How would you describe the potential of storytelling in Web3 games?

The potential of storytelling in Web3 games is immense. Communities are strong. They yearn for a story they can relate to. The NFT-driven nature of Web3 is also a big advantage. As digital art, NFTs invoke collectible incentives and further engage the community with content that transcends mere gameplay.

If you build a game, it will stay for a while until players get bored, leave, and let the project die off. If you invest in high-quality storytelling, you’re not building only the game. You are creating a gaming universe you can build upon once the original game title gets obsolete. You are creating lore that bonds the community together and opens the doors for incredible upselling opportunities, such as merch, digital art, subscription-based insider clubs, successful DLCs, etc.

How are you trying to take hold of these opportunities in your work?

Besides doing my best to deliver stories worth living, I’m betting on the community. As I said, Web3, as a decentralized alternative to Web2, is mostly a community-driven environment. If you fail to engage your community, you’ve lost. Go ahead, wave your project goodbye, and leave. To avoid such a scenario, at QORPO Game Studio, we are running frequent polls in the user ID. Players can vote not only on the storyline development but also on the asset's names or crucial stages in the game development. Having direct feedback, I directly involve our fans in the process of storyline creation to provide a sense of impact for our community.


Besides the storytelling, what are you involved in at QORPO?

In short? Anything that has something to do with marking content. I’m ideating social media campaigns with the rest of the marketing team, I’m contributing to our pitching materials, such as pitch decks, case studies, whitepapers, Go-to-Market strategies… Simply, anything our CMO sees fit to have me doing. One of the most noteworthy activities we are all in right now is our cooperation with Cointelegraph. We are launching a series of GameFi-related articles to educate a broad audience in Web3 gaming to prevent people from falling for “scammy” projects. I’m personally involved in this cooperation, and I’m happy to be part of the program that helps people make informed and thoughtful decisions. Considering that games account for most of the daily on-chain activity, the reasoning behind this move is clear.

In light of recent rapid advancements in technology, how do you see the impact of AI on your work?

It poses several challenges. Sure. On the other hand, it helps me gain full focus on the big picture instead of having my hands full of small writing chores. Once you get hold of well-crafted prompts, AI can leverage your performance in literally anything you do. To wrap it up, AI, LLMs specifically grant me the ability to think more and waste less time. Yet still, I surely feel the incredible pressure on the performance you have to deliver not to be replaced in the near future.

From a positive point of view, this sense of anxiety drives my willingness to master new skills I wanted to learn for a long time but never found the time to. I’m trying to expand my SEO knowledge, solidify the fundamentals of PPC campaigns and psychology in marketing, as well as exploring new creative horizons.
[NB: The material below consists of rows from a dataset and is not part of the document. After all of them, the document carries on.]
(* Let $n\ge3$. There exists a quasi-metric $\rho$ on $[n]$ such that the Kantorovich-Rubinstein polytope $$KR(\rho)=\mathrm{Conv}\Big\{\frac{e_i-e_j}{\rho(i,j)}:1\le i\neq j\le n\Big\}$$ is affinely isomorphic to the polar dual $W_n^\circ$ of the cyclohedron $W_n$. Moreover $\rho$ satisfies the strict triangle inequality $\rho(i,k)<\rho(i,j)+\rho(j,k)$ whenever $i,j,k$ are pairwise distinct.
   Context: A quasi-metric on a finite set $X$ is $\rho:X\times X\to\mathbb{R}_{\ge0}$ with $\rho(x,y)=0\iff x=y$ and $\rho(x,z)\le\rho(x,y)+\rho(y,z)$; symmetry is not required. Realization of the cyclohedron: let $\mathrm{Con}(C_n)$ be the family consisting of $[n]$ and all nonempty proper cyclic intervals $\{i,i+1,\dots,j\}$ of $[n]$ (indices mod $n$), $\Delta_X=\mathrm{Conv}\{e_i:i\in X\}$, and $W_n=\sum_{X\in\mathrm{Con}(C_n)}\Delta_X\subset\{x:\sum x_i=N\}$, $N=|\mathrm{Con}(C_n)|=n^2-n+1$. Translate $W_n$ by $-\frac Nn(1,\dots,1)$ into $H_0=\{x:\sum x_i=0\}$ (the origin then lies in its relative interior) and let $W_n^\circ=\{y\in H_0:\langle y,x\rangle\le 1 \text{ for all } x \text{ in the translate}\}$ be its polar inside $H_0$. *)

theory Defs
  imports "HOL-Analysis.Analysis" "HOL-Library.Function_Algebras"
begin

(* Vectors of R^n are represented as functions nat => real; coordinates are
   indexed by {0..<n} (i.e. [n] relabelled by i |-> i-1). *)

instantiation "fun" :: (type, real_vector) real_vector
begin
definition scaleR_fun :: "real \<Rightarrow> ('a \<Rightarrow> 'b) \<Rightarrow> 'a \<Rightarrow> 'b"
  where "scaleR_fun r f = (\<lambda>x. r *\<^sub>R f x)"
instance
  by standard (simp_all add: scaleR_fun_def fun_eq_iff scaleR_add_right scaleR_add_left)
end

definition unitv :: "nat \<Rightarrow> nat \<Rightarrow> real" where
  "unitv i = (\<lambda>j. if j = i then 1 else 0)"

definition quasi_metric_on :: "nat \<Rightarrow> (nat \<Rightarrow> nat \<Rightarrow> real) \<Rightarrow> bool" where
  "quasi_metric_on n \<rho> \<longleftrightarrow>
     (\<forall>x<n. \<forall>y<n. \<rho> x y \<ge> 0 \<and> (\<rho> x y = 0 \<longleftrightarrow> x = y)) \<and>
     (\<forall>x<n. \<forall>y<n. \<forall>z<n. \<rho> x z \<le> \<rho> x y + \<rho> y z)"

definition KR :: "nat \<Rightarrow> (nat \<Rightarrow> nat \<Rightarrow> real) \<Rightarrow> (nat \<Rightarrow> real) set" where
  "KR n \<rho> = convex hull {(1 / \<rho> i j) *\<^sub>R (unitv i - unitv j) | i j. i < n \<and> j < n \<and> i \<noteq> j}"

definition cyc_interval :: "nat \<Rightarrow> nat \<Rightarrow> nat \<Rightarrow> nat set" where
  "cyc_interval n i l = {(i + k) mod n | k. k \<le> l}"

definition Con_cycle :: "nat \<Rightarrow> nat set set" where
  "Con_cycle n = insert {..<n} {cyc_interval n i l | i l. i < n \<and> l + 1 < n}"

definition simplex_face :: "nat set \<Rightarrow> (nat \<Rightarrow> real) set" where
  "simplex_face X = convex hull (unitv ` X)"

text \<open>The cyclohedron W_n as Minkowski sum of the simplices Delta_X, X in Con(C_n).\<close>
definition cyclohedron :: "nat \<Rightarrow> (nat \<Rightarrow> real) set" where
  "cyclohedron n = {x. \<exists>p. (\<forall>X\<in>Con_cycle n. p X \<in> simplex_face X) \<and> x = (\<Sum>X\<in>Con_cycle n. p X)}"

definition cyclohedron_centered :: "nat \<Rightarrow> (nat \<Rightarrow> real) set" where
  "cyclohedron_centered n =
     (\<lambda>x. x - (real (card (Con_cycle n)) / real n) *\<^sub>R (\<lambda>j. if j < n then 1 else 0)) ` cyclohedron n"

definition H0 :: "nat \<Rightarrow> (nat \<Rightarrow> real) set" where
  "H0 n = {y. (\<forall>j\<ge>n. y j = 0) \<and> (\<Sum>j<n. y j) = 0}"

definition cyclohedron_polar :: "nat \<Rightarrow> (nat \<Rightarrow> real) set" where
  "cyclohedron_polar n =
     {y \<in> H0 n. \<forall>x\<in>cyclohedron_centered n. (\<Sum>j<n. y j * x j) \<le> 1}"

definition affinely_isomorphic :: "('a::real_vector) set \<Rightarrow> ('b::real_vector) set \<Rightarrow> bool" where
  "affinely_isomorphic P Q \<longleftrightarrow>
     (\<exists>L b. linear L \<and> inj_on (\<lambda>x. L x + b) (affine hull P) \<and> (\<lambda>x. L x + b) ` P = Q)"

end

theory Submission
  imports Defs
begin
At the end of the AI pursuit, I want to be the one who writes prompts instead of the one who gets prompted out of the job.
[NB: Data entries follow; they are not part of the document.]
(* (ln h)''(0) for h(s) = g(phi(e s), phi'(e s)), in terms of z, X, Y, Z = phi, phi', phi'', phi''' at 0;
   w, w', w'' are <phi', phi> along the line and its first two derivatives at 0. *)
definition jet_ln_deriv2 ::
    "complex \<Rightarrow> complex^'n \<Rightarrow> complex^'n \<Rightarrow> complex^'n \<Rightarrow> complex^'n \<Rightarrow> real"
  where "jet_ln_deriv2 e z X Y Z =
    (let t = (norm z)\<^sup>2;
         w = herm X z;
         w' = e * herm Y z + cnj e * of_real ((norm X)\<^sup>2);
         w'' = e * (e * herm Z z + cnj e * herm Y X) + cnj e * (e * herm Y X + cnj e * herm X Y)
     in ln_combination_deriv2 (A_coef t) (B_coef t) (C_coef t) (D_coef t)
          (2 * Re (e * w)) (2 * Re (e * w'))
          ((norm X)\<^sup>2) (2 * Re (e * herm Y X)) (2 * Re (e * (e * herm Z X + cnj e * of_real ((norm Y)\<^sup>2))))
          ((cmod w)\<^sup>2) (2 * Re (w' * cnj w)) (2 * ((cmod w')\<^sup>2 + Re (w'' * cnj w))))"

lemma (in holomorphic_curve) deriv_deriv_ln_pullback_line:
  assumes "0 \<in> S" "\<phi> 0 \<noteq> 0" "norm (\<phi> 0) \<noteq> 1" "pullback \<phi> 0 > 0"
  shows "deriv (deriv (\<lambda>s. ln (pullback \<phi> (e * of_real s)))) 0
           = jet_ln_deriv2 e (\<phi> 0) (vderiv \<phi> 0) ((vderiv ^^ 2) \<phi> 0) ((vderiv ^^ 3) \<phi> 0)"
proof -
  define P where "P = line_herm e"
  define \<rho> where "\<rho> s = Re (P 0 0 s)" for s
  define U where "U = {s. e * of_real s \<in> S \<and> \<rho> s \<in> {0<..} - {1}}"
  have "open U"
    unfolding U_def \<rho>_def P_def by (rule open_line_smooth_coefs)
  have \<rho>0: "\<rho> 0 = (norm (\<phi> 0))\<^sup>2"
    by (simp add: \<rho>_def P_def line_herm_def herm_self)
  have "0 < \<rho> 0" "\<rho> 0 \<noteq> 1"
    using assms(2,3) power2_eq_iff_nonneg[of "norm (\<phi> 0)" 1] by (simp_all add: \<rho>0)
  then have "0 \<in> U"
    using assms(1) by (simp add: U_def)
  have "deriv (deriv (\<lambda>s. ln (pullback \<phi> (e * of_real s)))) 0
      = deriv (deriv (\<lambda>s. ln (A_coef (\<rho> s) * Re (P 1 1 s) + B_coef (\<rho> s) * (cmod (P 1 0 s))\<^sup>2))) 0"
    by (simp only: pullback_line \<rho>_def P_def)
  also have "\<dots> = ln_combination_deriv2 (A_coef (\<rho> 0)) (B_coef (\<rho> 0)) (C_coef (\<rho> 0)) (D_coef (\<rho> 0))
      (2 * Re (e * P 1 0 0)) (2 * Re (e * (e * P 2 0 0 + cnj e * P 1 1 0)))
      (Re (P 1 1 0)) (2 * Re (e * P 2 1 0)) (2 * Re (e * (e * P 3 1 0 + cnj e * P 2 2 0)))
      ((cmod (P 1 0 0))\<^sup>2) (2 * Re ((e * P 2 0 0 + cnj e * P 1 1 0) * cnj (P 1 0 0)))
      (2 * ((cmod (e * P 2 0 0 + cnj e * P 1 1 0))\<^sup>2
        + Re ((e * (e * P 3 0 0 + cnj e * P 2 1 0) + cnj e * (e * P 2 1 0 + cnj e * P 1 2 0))
              * cnj (P 1 0 0))))"
    unfolding P_def
  proof (rule deriv_deriv_ln_combination[OF \<open>open U\<close> \<open>0 \<in> U\<close> _ _ _
                                            line_second_derivatives[OF assms(1)]])
    show "(A_coef has_real_derivative B_coef (\<rho> s)) (at (\<rho> s))"
      "(B_coef has_real_derivative C_coef (\<rho> s)) (at (\<rho> s))" if "s \<in> U" for s
      using that by (auto simp: U_def intro!: A_coef_has_derivative B_coef_has_derivative)
    show "(C_coef has_real_derivative D_coef (\<rho> 0)) (at (\<rho> 0))"
      using \<open>0 < \<rho> 0\<close> \<open>\<rho> 0 \<noteq> 1\<close> by (rule C_coef_has_derivative)
    show "A_coef (\<rho> 0) * Re (line_herm e 1 1 0) + B_coef (\<rho> 0) * (cmod (line_herm e 1 0 0))\<^sup>2 > 0"
      using assms(4) pullback_line[of e 0] by (simp add: \<rho>_def P_def)
    show "(\<rho> has_real_derivative 2 * Re (e * line_herm e 1 0 s)) (at s)"
      and "((\<lambda>s. Re (line_herm e 1 1 s)) has_real_derivative 2 * Re (e * line_herm e 2 1 s)) (at s)"
      and "((\<lambda>s. (cmod (line_herm e 1 0 s))\<^sup>2) has_real_derivative
             2 * Re ((e * line_herm e 2 0 s + cnj e * line_herm e 1 1 s) * cnj (line_herm e 1 0 s))) (at s)"
      if "s \<in> U" for s
      using line_first_derivatives[of e s] that by (simp_all add: U_def \<rho>_def[abs_def] P_def)
  qed
  also have "\<dots> = jet_ln_deriv2 e (\<phi> 0) (vderiv \<phi> 0) ((vderiv ^^ 2) \<phi> 0) ((vderiv ^^ 3) \<phi> 0)"
  proof -
    define z X Y Z where "z = \<phi> 0" "X = vderiv \<phi> 0" "Y = (vderiv ^^ 2) \<phi> 0" "Z = (vderiv ^^ 3) \<phi> 0"
    have "P 1 0 0 = herm X z" "P 2 0 0 = herm Y z" "P 3 0 0 = herm Z z"
      "P 2 1 0 = herm Y X" "P 1 2 0 = herm X Y" "P 3 1 0 = herm Z X"
      "P 1 1 0 = of_real ((norm X)\<^sup>2)" "P 2 2 0 = of_real ((norm Y)\<^sup>2)"
      by (simp_all add: P_def line_herm_def z_X_Y_Z_def herm_self numeral_2_eq_2 numeral_3_eq_3)
    then show ?thesis
      unfolding jet_ln_deriv2_def Let_def z_X_Y_Z_def[symmetric] \<rho>0 by simp
  qed
  finally show ?thesis .
qed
Ultimately, AI does not necessarily has to be a demise of creative roles. It will replace people’s skill sets but doesn’t have to replace people. Copywriters will type less and think more. Graphics designers will Adobe less and think more. Video Content Creators will cut less and think more. Until you find out that you can be all in one and will have plenty of time to bring your ideas to life void of boundaries posed by the lack of hard skills.


Thank you for your time. Hope for the best story-driven games in Web3?

Thanks for having me. I’ll try my best to do just that.